I won’t give away the ending to the THE WALLS OF THE UNIVERSE or much about THE BROKEN UNIVERSE. Let’s just say that the story escalates beyond what is happening to two Johnnys in this multiverse. There are powers at work and several factions that also know about skipping from one place to the next.
Both books are just plain fun. There’s a nice balance of big ideas and grand schemes mixed in with smaller human moments and actions. The solutions that are come up with in some cases aren’t brilliant mind bogglingly complex schemes, but rather simple elegant solutions that feel real.
Surprisingly the stuff I enjoyed most about the books were the small things, the relatable bits.
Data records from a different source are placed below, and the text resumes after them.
lemma thickening_eq_UN_cball:
  fixes B :: "'a::real_normed_vector set"
  assumes "0 < r"
  shows "{b + r *\<^sub>R u | b u. b \<in> B \<and> u \<in> unit_ball} = (\<Union>b\<in>B. cball b r)"
proof (intro equalityI subsetI)
  fix y assume "y \<in> {b + r *\<^sub>R u | b u. b \<in> B \<and> u \<in> unit_ball}"
  then obtain b u where "b \<in> B" "norm u \<le> 1" "y = b + r *\<^sub>R u"
    by (auto simp: mem_unit_ball_iff)
  then have "dist b y \<le> r" using assms by (simp add: dist_norm mult_left_le)
  with \<open>b \<in> B\<close> show "y \<in> (\<Union>b\<in>B. cball b r)" by auto
next
  fix y assume "y \<in> (\<Union>b\<in>B. cball b r)"
  then obtain b where "b \<in> B" and "dist b y \<le> r" by auto
  then have "norm (y - b) \<le> r" by (simp add: dist_norm norm_minus_commute)
  then have "(y - b) /\<^sub>R r \<in> unit_ball"
    unfolding mem_unit_ball_iff norm_scaleR using assms by (simp add: field_simps)
  with \<open>b \<in> B\<close> have "b + r *\<^sub>R ((y - b) /\<^sub>R r) \<in> {b + r *\<^sub>R u | b u. b \<in> B \<and> u \<in> unit_ball}"
    by blast
  moreover have "b + r *\<^sub>R ((y - b) /\<^sub>R r) = y" using assms by simp
  ultimately show "y \<in> {b + r *\<^sub>R u | b u. b \<in> B \<and> u \<in> unit_ball}" by (simp only:)
qed

lemma bdd_above_dist_image:
  fixes A :: "'a::real_normed_vector set"
  assumes "bounded A"
  shows "bdd_above (dist u ` A)"
proof -
  obtain M where M: "\<forall>a\<in>A. norm a \<le> M" using assms by (auto simp: bounded_iff)
  have "dist u a \<le> norm u + M" if "a \<in> A" for a
  proof -
    have "dist u a \<le> norm u + norm a" by (simp add: dist_norm norm_triangle_ineq4)
    also have "\<dots> \<le> norm u + M" using M that by simp
    finally show ?thesis .
  qed
  then show ?thesis by (rule bdd_aboveI2)
qed

lemma Inf_pos_atLeast:
  fixes s :: real
  assumes "0 \<le> s"
  shows "Inf {r. 0 < r \<and> s \<le> r} = s"
proof (rule cInf_eq_non_empty)
  have "s + 1 \<in> {r. 0 < r \<and> s \<le> r}" using assms by simp
  then show "{r. 0 < r \<and> s \<le> r} \<noteq> {}" by blast
  show "y \<le> s" if lower: "\<And>r. r \<in> {r. 0 < r \<and> s \<le> r} \<Longrightarrow> y \<le> r" for y
  proof (rule field_le_epsilon)
    fix e :: real assume "0 < e"
    with assms show "y \<le> s + e" by (intro lower) simp
  qed
qed simp
lemma scott_closure_of_singleton:
  assumes "reflp_on P le" "transp_on P le" "x \<in> P"
  shows "scott_topology P le closure_of {x} = {y\<in>P. le y x}"
proof
  have "closedin (scott_topology P le) {y\<in>P. le y x}"
    unfolding closedin_scott_topology
  proof (intro conjI allI impI ballI)
    fix a b assume "a \<in> P" "b \<in> {y\<in>P. le y x}" "le a b"
    then show "a \<in> {y\<in>P. le y x}" using assms(2,3) unfolding transp_on_def by blast
  next
    fix D s assume "D \<subseteq> {y\<in>P. le y x} \<and> directed_in le D \<and> is_lub_in P le D s"
    then show "s \<in> {y\<in>P. le y x}" using assms(3) unfolding is_lub_in_def by blast
  qed blast
  moreover have "{x} \<subseteq> {y\<in>P. le y x}" using assms(1,3) unfolding reflp_on_def by blast
  ultimately show "scott_topology P le closure_of {x} \<subseteq> {y\<in>P. le y x}"
    by (rule closure_of_minimal[rotated])
next
  show "{y\<in>P. le y x} \<subseteq> scott_topology P le closure_of {x}"
    using assms(3) by (auto simp: in_closure_of openin_scott_topology scott_open_def)
qed

lemma sober_scott_topologyI:
  assumes refl: "reflp_on P le" and trans: "transp_on P le" and antisym: "antisymp_on P le"
    and greatest: "\<And>F. irreducible_closed (scott_topology P le) F \<Longrightarrow> \<exists>x\<in>F. \<forall>y\<in>F. le y x"
  shows "sober (scott_topology P le)"
  unfolding sober_def
proof (intro allI impI)
  fix F assume F: "irreducible_closed (scott_topology P le) F"
  then have "closedin (scott_topology P le) F" by (simp add: irreducible_closed_def)
  note FP = closedin_scott_topologyD(1)[OF this] and down = closedin_scott_topologyD(2)[OF this]
  obtain x where x: "x \<in> F" "\<And>y. y \<in> F \<Longrightarrow> le y x" using greatest[OF F] by blast
  have down_x: "F = {y\<in>P. le y x}" using FP down x by blast
  then have F_closure: "F = scott_topology P le closure_of {x}"
    using scott_closure_of_singleton[OF refl trans] x(1) FP by blast
  show "\<exists>!x. x \<in> topspace (scott_topology P le) \<and> F = scott_topology P le closure_of {x}"
  proof (rule ex1I)
    show "x \<in> topspace (scott_topology P le) \<and> F = scott_topology P le closure_of {x}"
      using x(1) FP F_closure by auto
  next
    fix x' assume x': "x' \<in> topspace (scott_topology P le) \<and> F = scott_topology P le closure_of {x'}"
    then have "x' \<in> P" "F = {y\<in>P. le y x'}" using scott_closure_of_singleton[OF refl trans] by auto
    moreover have "le x' x'" using \<open>x' \<in> P\<close> refl unfolding reflp_on_def by blast
    ultimately have "le x x'" "le x' x" using x down_x by blast+
    then show "x' = x" using antisym \<open>x' \<in> P\<close> x(1) FP unfolding antisymp_on_def by blast
  qed
qed

section \<open>The Sorgenfrey line\<close>

lemma openin_sorgenfrey:
  "openin sorgenfrey U \<longleftrightarrow> (\<forall>x\<in>U. \<exists>e>0. {x..<x+e} \<subseteq> U)"
proof
  assume "openin sorgenfrey U"
  then have "generate_topology_on {{a..<b} | a b. a < b} U"
    unfolding sorgenfrey_def by (rule openin_topology_generated_by)
  then show "\<forall>x\<in>U. \<exists>e>0. {x..<x+e} \<subseteq> U"
  proof (induction rule: generate_topology_on.induct)
    case (Int U V)
    show ?case
    proof
      fix x assume "x \<in> U \<inter> V"
      then obtain d e where de: "d > 0" "{x..<x+d} \<subseteq> U" "e > 0" "{x..<x+e} \<subseteq> V"
        using Int.IH by blast
      have "{x..<x + min d e} \<subseteq> {x..<x+d}" "{x..<x + min d e} \<subseteq> {x..<x+e}" by auto
      with de show "\<exists>e>0. {x..<x+e} \<subseteq> U \<inter> V"
        by (intro exI[of _ "min d e"] conjI) (simp, blast)
    qed
  next
    case (UN \<U>)
    then show ?case by (meson UnionE Union_upper order_trans)
  next
    case (Basis I)
    then obtain a b where "I = {a..<b}" by blast
    then show ?case by (auto intro!: exI[of _ "b - _"])
  qed simp
next
  assume "\<forall>x\<in>U. \<exists>e>0. {x..<x+e} \<subseteq> U"
  then obtain e where e: "\<And>x. x \<in> U \<Longrightarrow> e x > 0 \<and> {x..<x + e x} \<subseteq> U" by metis
  then have "U = (\<Union>x\<in>U. {x..<x + e x})"
    by fastforce
  moreover have "generate_topology_on {{a..<b} | a b. a < b} (\<Union>x\<in>U. {x..<x + e x})"
    using e by (intro generate_topology_on.UN generate_topology_on.Basis) fastforce
  ultimately show "openin sorgenfrey U"
    unfolding sorgenfrey_def openin_topology_generated_by_iff by simp
qed

lemma topspace_sorgenfrey [simp]: "topspace sorgenfrey = UNIV"
  using openin_sorgenfrey[of UNIV] openin_subset[of sorgenfrey UNIV] by (auto intro: zero_less_one)

lemma openin_sorgenfrey_atLeastLessThan [simp]: "openin sorgenfrey {a..<b}"
  unfolding openin_sorgenfrey by (intro ballI exI[of _ "b - _"]) auto

lemma openin_sorgenfrey_Compl_atLeastLessThan [simp]: "openin sorgenfrey (- {a..<b})"
  unfolding openin_sorgenfrey
proof
  fix x :: real assume "x \<in> - {a..<b}"
  then consider "x < a" | "b \<le> x" by fastforce
  then show "\<exists>e>0. {x..<x+e} \<subseteq> - {a..<b}"
  proof cases
    case 1
    then show ?thesis by (intro exI[of _ "a - x"]) auto
  next
    case 2
    then show ?thesis by (intro exI[of _ 1]) auto
  qed
qed

lemma Hausdorff_space_sorgenfrey: "Hausdorff_space sorgenfrey"
  unfolding Hausdorff_space_def
proof (intro allI impI)
  fix x y :: real assume "x \<in> topspace sorgenfrey \<and> y \<in> topspace sorgenfrey \<and> x \<noteq> y"
  then consider "x < y" | "y < x" by fastforce
  then show "\<exists>U V. openin sorgenfrey U \<and> openin sorgenfrey V \<and> x \<in> U \<and> y \<in> V \<and> disjnt U V"
  proof cases
    case 1
    then show ?thesis by (intro exI[of _ "{x..<y}"] exI[of _ "{y..<y+1}"]) (auto simp: disjnt_def)
  next
    case 2
    then show ?thesis by (intro exI[of _ "{x..<x+1}"] exI[of _ "{y..<x}"]) (auto simp: disjnt_def)
  qed
qed

lemma openin_sorgenfrey_Compl_compactin:
  "compactin sorgenfrey K \<Longrightarrow> openin sorgenfrey (- K)"
  using compactin_imp_closedin[OF Hausdorff_space_sorgenfrey] by (simp add: closedin_def Compl_eq_Diff_UNIV)

lemma sorgenfrey_Lebesgue_number:
  assumes Q: "compactin sorgenfrey Q" and W: "openin sorgenfrey W" "Q \<subseteq> W"
  shows "\<exists>e>0. \<forall>y\<in>Q. {y..<y+e} \<subseteq> W"
proof -
  have "\<forall>y\<in>Q. \<exists>d>0. {y..<y+d} \<subseteq> W" using W by (auto simp: openin_sorgenfrey)
  then obtain d where d: "\<And>y. y \<in> Q \<Longrightarrow> d y > 0 \<and> {y..<y + d y} \<subseteq> W" by metis
  have "Q \<subseteq> (\<Union>y\<in>Q. {y..<y + d y / 2})" using d by force
  then have "\<exists>Y\<subseteq>Q. finite Y \<and> Q \<subseteq> (\<Union>y\<in>Y. {y..<y + d y / 2})"
    by (intro compactin_finite_subcover_image[OF Q]) auto
  then obtain Y where Y: "Y \<subseteq> Q" "finite Y" "Q \<subseteq> (\<Union>y\<in>Y. {y..<y + d y / 2})" by blast
  define e where "e = Min (insert 1 ((\<lambda>y. d y / 2) ` Y))"
    \<comment> \<open>the \<open>1\<close> only keeps the minimum meaningful when \<open>Q = {}\<close>\<close>
  have "e > 0" using Y d by (auto simp: e_def)
  have "{z..<z+e} \<subseteq> W" if "z \<in> Q" for z
  proof -
    have "z \<in> (\<Union>y\<in>Y. {y..<y + d y / 2})" using Y(3) that by blast
    then obtain y where y: "y \<in> Y" "y \<le> z" "z < y + d y / 2" by auto
    then have "e \<le> d y / 2" unfolding e_def using Y(2) by (intro Min_le) auto
    then have "{z..<z+e} \<subseteq> {y..<y + d y}" using y by auto
    then show ?thesis using d y Y(1) by blast
  qed
  then show ?thesis using \<open>e > 0\<close> by blast
qed

lemma sorgenfrey_converges_upper:
  assumes Q: "compactin sorgenfrey Q" and L: "\<And>n. L n \<subseteq> (\<Union>y\<in>Q. {y..<y + 1 / Suc n})"
  shows "converges_upper sorgenfrey L Q"
  unfolding converges_upper_def eventually_sequentially
proof (intro allI impI)
  fix W assume W: "openin sorgenfrey W \<and> Q \<subseteq> W"
  then obtain e where "e > 0" and e: "\<forall>y\<in>Q. {y..<y+e} \<subseteq> W"
    using sorgenfrey_Lebesgue_number[OF Q] by blast
  then obtain k where k: "1 / Suc k < e"
    using reals_Archimedean[OF \<open>e > 0\<close>] unfolding inverse_eq_divide by blast
  have "L m \<subseteq> W" if "m \<ge> k" for m
  proof -
    have "1 / Suc m \<le> 1 / Suc k" using that by (simp add: frac_le)
    then have "(\<Union>y\<in>Q. {y..<y + 1 / Suc m}) \<subseteq> W" using k e by fastforce
    then show ?thesis using L by blast
  qed
  then show "\<exists>k. \<forall>m\<ge>k. L m \<subseteq> W" by blast
qed

section \<open>Compact subsets of the Sorgenfrey line with the Scott topology\<close>

abbreviation scott_QRl :: "real set topology" where
  "scott_QRl \<equiv> scott_topology QRl (\<supseteq>)"

lemma QRl_le_eq: "QRl_le = (\<supseteq>)"
  by (auto simp: QRl_le_def fun_eq_iff)

lemma Inter_in_QRl:
  assumes "D \<subseteq> QRl" "directed_in (\<supseteq>) D"
  shows "\<Inter>D \<in> QRl"
proof -
  have "\<And>K. K \<in> D \<Longrightarrow> compactin sorgenfrey K" "{} \<notin> D" using assms(1) by (auto simp: QRl_def)
  then show ?thesis
    using Hausdorff_compactin_directed_Inter[OF Hausdorff_space_sorgenfrey assms(2)] by (simp add: QRl_def)
qed

lemma is_lub_in_QRl_iff:
  assumes "D \<subseteq> QRl" "directed_in (\<supseteq>) D"
  shows "is_lub_in QRl (\<supseteq>) D s \<longleftrightarrow> s = \<Inter>D"
proof
  assume s: "is_lub_in QRl (\<supseteq>) D s"
  then have "s \<subseteq> \<Inter>D" by (auto simp: is_lub_in_def)
  moreover have "\<Inter>D \<subseteq> s"
    using s Inter_in_QRl[OF assms] Inter_lower unfolding is_lub_in_def by blast
  ultimately show "s = \<Inter>D" by blast
next
  assume "s = \<Inter>D"
  then show "is_lub_in QRl (\<supseteq>) D s"
    using Inter_in_QRl[OF assms] by (auto simp: is_lub_in_def)
qed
I’m usually a sucker for a good space opera and weird stuff, but here I found myself wanting to read about these characters and how these ordinary people would deal with extraordinary circumstances.
THE WALLS OF THE UNIVERSE and THE BROKEN UNIVERSE are both great starter SF books (THE WALLS OF THE UNIVERSE was featured in our SF 101 post). If you know someone who wants to give the genre a shot this is as good a way to introduce it to them as any I’ve found. Read them yourself while you’re at it.
Age Recommendation: 14+ maybe. Things get a little more complicated and confusing in Broken Universe.
Violence: A few not very detailed scenes.
Language: A smattering of words, not much.
Sex: Referenced, and not much.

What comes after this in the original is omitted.